At least 15 Indian companies were issued warning letters since 2013 over data credibility issues. Also in China FDA inspectors found that sample raw data file names were altered in an attempt to hide deleted data files. Hence companies in China were often banned from shipping drugs to the US because of such cGMP concerns.
The guidance includes 18 questions and answers on data integrity, alongside well-defined terms on data as they relate to current good manufacturing practice (cGMP) records, as well as recommendations on when workflows on computer systems need to be validated, and how to ensure electronic master production and control records (MPCR) are monitored and can only be used by authorized personnel.

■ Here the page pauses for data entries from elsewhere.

text \<open>
Combinatorial model of a connected resolution configuration in S^2 with n \<ge> 1 arcs.
Contract every arc to a 4-valent vertex; the result is a connected 4-valent graph
cellularly embedded in S^2, i.e. a planar combinatorial map:
  darts D, edge involution alph (edges = segments of the starting circles between
  arc endpoints), vertex rotation sig (counterclockwise cyclic order of the 4 darts
  at a vertex = at an arc), and a marker mrk pairing each dart with the adjacent
  dart at its vertex with which it forms a strand of a starting circle (0-resolution).
  Ending circles use the other adjacent pairing (1-resolution = surgery).
\<close>

record rc =
  darts :: "nat set"
  alph  :: "nat \<Rightarrow> nat"
  sig   :: "nat \<Rightarrow> nat"
  mrk   :: "nat \<Rightarrow> nat"

definition step_rel :: "nat set \<Rightarrow> (nat \<Rightarrow> nat) \<Rightarrow> (nat \<times> nat) set" where
  "step_rel D f = {(x, f x) | x. x \<in> D}"

definition orb :: "nat set \<Rightarrow> (nat \<Rightarrow> nat) \<Rightarrow> nat \<Rightarrow> nat set" where
  "orb D f d = {e. (d, e) \<in> (step_rel D f)\<^sup>*}"

definition orbs :: "nat set \<Rightarrow> (nat \<Rightarrow> nat) \<Rightarrow> nat set set" where
  "orbs D f = orb D f ` D"

definition mrk' :: "rc \<Rightarrow> nat \<Rightarrow> nat" where
  "mrk' C d = (if mrk C d = sig C d then sig C (sig C (sig C d)) else sig C d)"

definition rc_wf :: "rc \<Rightarrow> bool" where
  "rc_wf C \<longleftrightarrow> finite (darts C) \<and>
     (\<forall>d\<in>darts C. alph C d \<in> darts C \<and> alph C d \<noteq> d \<and> alph C (alph C d) = d) \<and>
     (\<forall>d\<in>darts C. sig C d \<in> darts C) \<and> inj_on (sig C) (darts C) \<and>
     (\<forall>d\<in>darts C. sig C (sig C (sig C (sig C d))) = d \<and> sig C (sig C d) \<noteq> d) \<and>
     (\<forall>d\<in>darts C. (mrk C d = sig C d \<or> sig C (mrk C d) = d) \<and>
        mrk C (mrk C d) = d \<and> mrk C (sig C (sig C d)) = sig C (sig C (mrk C d)))"

definition rc_connected :: "rc \<Rightarrow> bool" where
  "rc_connected C \<longleftrightarrow> (\<forall>d\<in>darts C. \<forall>e\<in>darts C.
     (d, e) \<in> (step_rel (darts C) (alph C) \<union> step_rel (darts C) (sig C))\<^sup>*)"

text \<open>genus 0 (Euler: V - E + F = 2) i.e. the map lives in S^2\<close>
definition rc_planar :: "rc \<Rightarrow> bool" where
  "rc_planar C \<longleftrightarrow>
     card (orbs (darts C) (sig C \<circ> alph C)) + card (orbs (darts C) (sig C))
       = card (orbs (darts C) (alph C)) + 2"

definition rc_conf :: "rc \<Rightarrow> bool" where
  "rc_conf C \<longleftrightarrow> rc_wf C \<and> rc_connected C \<and> rc_planar C"

text \<open>number of arcs = dimension\<close>
definition dim :: "rc \<Rightarrow> nat" where
  "dim C = card (darts C) div 4"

According to the guidance,
• FDA defines data integrity as “the completeness, consistency, and accuracy of data. Complete, consistent, and accurate data should be attributable, legible, contemporaneously recorded, original or a true copy, and accurate.”
• Electronic data generated to fulfil cGMP requirements, which is one of the focal points of many of FDA’s warning letters, should include relevant metadata.
• FDA also makes clear that there must be a good reason why certain data exclusions are made and raises concerns about shared logins to computer systems, which have also been documented in warning letters. To exclude data from the release criteria decision-making process, there must be a valid, documented, scientific justification for its exclusion.
• The audit trails should capture changes to critical data and be reviewed with each record and before final approval of the record. Audit trails subject to regular review should include, but are not limited to: “the change history of finished product test results, changes to sample run sequences, changes to sample identification, and changes to critical process parameters.”